[Entries supplied]

lemma var_mult_eq_sum:
  "var i * (G :: 'a::comm_semiring_1 mpoly) = (\<Sum>\<beta>\<in>Poly_Mapping.keys G. Poly_Mapping.single (Poly_Mapping.single i 1 + \<beta>) (Poly_Mapping.lookup G \<beta>))"
proof -
  have "var i * G = var i * (\<Sum>\<beta>\<in>Poly_Mapping.keys G. Poly_Mapping.single \<beta> (Poly_Mapping.lookup G \<beta>))"
    by (simp add: sum_single_lookup)
  then show ?thesis by (simp add: var_def sum_distrib_left mult_single)
qed

lemma keys_var_mult:
  "Poly_Mapping.keys (var i * (G :: 'a::comm_semiring_1 mpoly)) \<subseteq> (\<lambda>\<beta>. Poly_Mapping.single i 1 + \<beta>) ` Poly_Mapping.keys G"
  unfolding var_mult_eq_sum
  by (rule order.trans[OF keys_sum]) (auto split: if_splits)

lemma lookup_var_mult:
  "Poly_Mapping.lookup (var i * (G :: 'a::comm_semiring_1 mpoly)) (Poly_Mapping.single i 1 + \<beta>) =
    Poly_Mapping.lookup G \<beta>"
  unfolding var_mult_eq_sum lookup_sum by (simp add: lookup_single when_def in_keys_iff)

lemma apolar_pairing_var_mult:
  "apolar_pairing (var i * (G :: 'a::comm_semiring_1 mpoly)) p = apolar_pairing G (pderiv_mp i p)"
proof -
  let ?shift = "\<lambda>\<beta>. Poly_Mapping.single i 1 + \<beta>"
  have "apolar_pairing (var i * G) p = (\<Sum>\<alpha>\<in>?shift ` Poly_Mapping.keys G.
      Poly_Mapping.lookup (var i * G) \<alpha> * of_nat (mono_fact \<alpha>) * Poly_Mapping.lookup p \<alpha>)"
    using keys_var_mult by (intro apolar_pairing_eq_sum) auto
  also have "\<dots> = (\<Sum>\<beta>\<in>Poly_Mapping.keys G. Poly_Mapping.lookup (var i * G) (?shift \<beta>) *
      of_nat (mono_fact (?shift \<beta>)) * Poly_Mapping.lookup p (?shift \<beta>))"
    by (rule sum.reindex[unfolded comp_def]) (simp add: inj_on_def)
  also have "\<dots> = apolar_pairing G (pderiv_mp i p)"
    unfolding apolar_pairing_def lookup_pderiv_mp lookup_var_mult mono_fact_single_add
    by (intro sum.cong) (simp_all add: add.commute[of _ "Poly_Mapping.single i 1"] algebra_simps)
  finally show ?thesis .
qed

lemma mono_deg_eq_sum:
  "finite A \<Longrightarrow> Poly_Mapping.keys \<alpha> \<subseteq> A \<Longrightarrow> mono_deg \<alpha> = (\<Sum>i\<in>A. Poly_Mapping.lookup \<alpha> i)"
  unfolding mono_deg_def by (rule sum.mono_neutral_left) (auto simp: in_keys_iff)

lemma mono_deg_add: "mono_deg (\<alpha> + \<beta>) = mono_deg \<alpha> + mono_deg \<beta>"
proof -
  let ?A = "Poly_Mapping.keys \<alpha> \<union> Poly_Mapping.keys \<beta>"
  have "mono_deg (\<alpha> + \<beta>) = (\<Sum>i\<in>?A. Poly_Mapping.lookup (\<alpha> + \<beta>) i)"
    using keys_add[of \<alpha> \<beta>] by (intro mono_deg_eq_sum) auto
  then show ?thesis
    by (simp add: lookup_add sum.distrib mono_deg_eq_sum[of ?A])
qed

lemma mono_deg_single [simp]: "mono_deg (Poly_Mapping.single i k) = k"
  by (simp add: mono_deg_def)

lemma mono_deg_eq_0_iff: "mono_deg \<alpha> = 0 \<longleftrightarrow> \<alpha> = 0"
  by (auto simp: mono_deg_def in_keys_iff intro: poly_mapping_eqI)

lemma mono_deg_eq_1D:
  assumes "mono_deg \<alpha> = 1"
  obtains j where "j \<in> Poly_Mapping.keys \<alpha>" "\<alpha> = Poly_Mapping.single j 1"
proof -
  have "\<alpha> \<noteq> 0" using assms by (auto simp: mono_deg_def)
  then obtain j where j: "j \<in> Poly_Mapping.keys \<alpha>"
    by (metis equals0I keys_eq_empty)
  have "mono_deg \<alpha> = Poly_Mapping.lookup \<alpha> j + (\<Sum>i\<in>Poly_Mapping.keys \<alpha> - {j}. Poly_Mapping.lookup \<alpha> i)"
    unfolding mono_deg_def using j by (simp add: sum.remove)
  moreover have "Poly_Mapping.lookup \<alpha> j \<noteq> 0" using j by (simp add: in_keys_iff)
  ultimately have "Poly_Mapping.lookup \<alpha> j = 1"
    and "(\<Sum>i\<in>Poly_Mapping.keys \<alpha> - {j}. Poly_Mapping.lookup \<alpha> i) = 0"
    using assms by linarith+
  then have "\<alpha> = Poly_Mapping.single j 1"
    by (intro poly_mapping_eqI) (auto simp: lookup_single when_def in_keys_iff)
  with j show thesis by (rule that)
qed
(* If $S$ is an idempotent semiring satisfying $x\approx xyx+x+xyx$, then $S$ satisfies $xyzx\approx xzyx+xyzx+xzyx$.
   Context: An idempotent semiring is an algebra $(S,+,\cdot)$ with two binary operations such that $(S,+)$ and $(S,\cdot)$ are bands (associative, with $x+x=x$ and $xx=x$), and both distributive laws $x(y+z)=xy+xz$ and $(x+y)z=xz+yz$ hold; addition is not assumed commutative. *)

theory Defs
  imports Main
begin

definition band :: "('a \<Rightarrow> 'a \<Rightarrow> 'a) \<Rightarrow> bool" where
  "band f \<longleftrightarrow> (\<forall>x y z. f (f x y) z = f x (f y z)) \<and> (\<forall>x. f x x = x)"

text \<open>Idempotent semiring (S,+,*): both reducts are bands and both distributive
laws hold; addition need not be commutative.  The carrier is the whole type.\<close>
definition idempotent_semiring :: "('a \<Rightarrow> 'a \<Rightarrow> 'a) \<Rightarrow> ('a \<Rightarrow> 'a \<Rightarrow> 'a) \<Rightarrow> bool" where
  "idempotent_semiring add mul \<longleftrightarrow> band add \<and> band mul \<and>
     (\<forall>x y z. mul x (add y z) = add (mul x y) (mul x z)) \<and>
     (\<forall>x y z. mul (add x y) z = add (mul x z) (mul y z))"

end

theory Submission
  imports Defs
begin

text \<open>Write \<open>a = xyzx\<close> and \<open>b = xzyx\<close>. The hypothesis \<open>x = xyx + x + xyx\<close> makes every
sandwich \<open>xwx\<close>, in particular \<open>b\<close>, absorbed by \<open>x\<close> on both sides. Multiplying \<open>x = x + b\<close> and
\<open>x = b + x\<close> on the right by \<open>yzx\<close> gives \<open>a = a + c = c + a\<close> with \<open>c = b\<cdot>yzx\<close>, and multiplying
them on the left by \<open>b\<cdot>yz\<close> gives \<open>c = c + b = b + c\<close>, because \<open>b\<cdot>yz\<cdot>b = b\<close> in every band.
Hence \<open>a + b = a = b + a\<close>, so \<open>a = b + a + b\<close>.\<close>

locale band_op =
  fixes op :: "'a \<Rightarrow> 'a \<Rightarrow> 'a"  (infixl "\<cdot>" 70)
  assumes band: "band op"
begin

lemma assoc: "x \<cdot> y \<cdot> z = x \<cdot> (y \<cdot> z)"
  using band unfolding band_def by blast

lemma idem [simp]: "x \<cdot> x = x"
  using band unfolding band_def by blast

lemma absorb_of_sandwich:
  assumes "x = a \<cdot> x \<cdot> a"
  shows "x \<cdot> a = x" and "a \<cdot> x = x"
proof -
  have "x \<cdot> a = a \<cdot> x \<cdot> a \<cdot> a" by (subst assms) simp
  also have "\<dots> = x" using assms by (metis assoc idem)
  finally show "x \<cdot> a = x" .
  have "a \<cdot> x = a \<cdot> (a \<cdot> x \<cdot> a)" by (subst assms) simp
  also have "\<dots> = x" using assms by (metis assoc idem)
  finally show "a \<cdot> x = x" .
qed

lemma sandwich_reverse: "x \<cdot> z \<cdot> y \<cdot> x \<cdot> (y \<cdot> z) \<cdot> (x \<cdot> z \<cdot> y \<cdot> x) = x \<cdot> z \<cdot> y \<cdot> x"
  by (metis assoc idem)

end

locale idem_semiring_op =
  fixes plus :: "'a \<Rightarrow> 'a \<Rightarrow> 'a"  (infixl "\<oplus>" 65)
    and times :: "'a \<Rightarrow> 'a \<Rightarrow> 'a"  (infixl "\<cdot>" 70)
  assumes idempotent_semiring: "idempotent_semiring plus times"
begin

sublocale add: band_op plus
  using idempotent_semiring unfolding idempotent_semiring_def by (unfold_locales) blast

sublocale mult: band_op times
  using idempotent_semiring unfolding idempotent_semiring_def by (unfold_locales) blast

lemma distrib_left: "x \<cdot> (y \<oplus> z) = x \<cdot> y \<oplus> x \<cdot> z"
  using idempotent_semiring unfolding idempotent_semiring_def by blast

lemma distrib_right: "(x \<oplus> y) \<cdot> z = x \<cdot> z \<oplus> y \<cdot> z"
  using idempotent_semiring unfolding idempotent_semiring_def by blast

lemma
  assumes "\<forall>x y. x = x \<cdot> y \<cdot> x \<oplus> x \<oplus> x \<cdot> y \<cdot> x"
  shows sandwich_absorb_right: "x \<oplus> x \<cdot> w \<cdot> x = x"
    and sandwich_absorb_left: "x \<cdot> w \<cdot> x \<oplus> x = x"
  using add.absorb_of_sandwich assms by blast+

theorem xyzx_eq:
  assumes "\<forall>x y. x = x \<cdot> y \<cdot> x \<oplus> x \<oplus> x \<cdot> y \<cdot> x"
  shows "x \<cdot> y \<cdot> z \<cdot> x = x \<cdot> z \<cdot> y \<cdot> x \<oplus> x \<cdot> y \<cdot> z \<cdot> x \<oplus> x \<cdot> z \<cdot> y \<cdot> x"
proof -
  define a where "a = x \<cdot> y \<cdot> z \<cdot> x"
  define b where "b = x \<cdot> z \<cdot> y \<cdot> x"
  define c where "c = b \<cdot> (y \<cdot> z \<cdot> x)"
  have xb: "x \<oplus> b = x" and bx: "b \<oplus> x = x"
    using sandwich_absorb_right[OF assms, of x "z \<cdot> y"] sandwich_absorb_left[OF assms, of x "z \<cdot> y"]
    by (simp_all add: b_def mult.assoc)
  have "(x \<oplus> b) \<cdot> (y \<cdot> z \<cdot> x) = a" "(b \<oplus> x) \<cdot> (y \<cdot> z \<cdot> x) = a"
    by (simp_all add: xb bx a_def mult.assoc)
  then have ac: "a \<oplus> c = a" and ca: "c \<oplus> a = a"
    by (simp_all add: distrib_right a_def c_def mult.assoc)
  have bb: "b \<cdot> (y \<cdot> (z \<cdot> b)) = b"
    using mult.sandwich_reverse[of x z y] by (simp add: b_def mult.assoc)
  have "b \<cdot> (y \<cdot> z) \<cdot> (x \<oplus> b) = c" "b \<cdot> (y \<cdot> z) \<cdot> (b \<oplus> x) = c"
    by (simp_all add: xb bx c_def mult.assoc)
  then have cb: "c \<oplus> b = c" and bc: "b \<oplus> c = c"
    by (simp_all add: distrib_left bb c_def mult.assoc)
  have "a \<oplus> b = a" using ac cb by (metis add.assoc)
  moreover have "b \<oplus> a = a" using ca bc by (metis add.assoc)
  ultimately show ?thesis
    by (simp flip: a_def b_def)
qed

end

theorem lemma4p6:
  fixes add mul :: "'a \<Rightarrow> 'a \<Rightarrow> 'a"
  assumes "idempotent_semiring add mul"
    and "\<forall>x y. x = add (add (mul (mul x y) x) x) (mul (mul x y) x)"
  shows "\<forall>x y z. mul (mul (mul x y) z) x =
           add (add (mul (mul (mul x z) y) x) (mul (mul (mul x y) z) x)) (mul (mul (mul x z) y) x)"
proof -
  interpret idem_semiring_op add mul by (rule idem_semiring_op.intro) fact
  show ?thesis using xyzx_eq[OF assms(2)] by blast
qed

end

[/Entries supplied]

# [What is being asked]
Show me every line of the entries above that holds "fixes".

# [Written response]
  fixes op :: "'a \<Rightarrow> 'a \<Rightarrow> 'a"  (infixl "\<cdot>" 70)
  fixes plus :: "'a \<Rightarrow> 'a \<Rightarrow> 'a"  (infixl "\<oplus>" 65)
  fixes add mul :: "'a \<Rightarrow> 'a \<Rightarrow> 'a"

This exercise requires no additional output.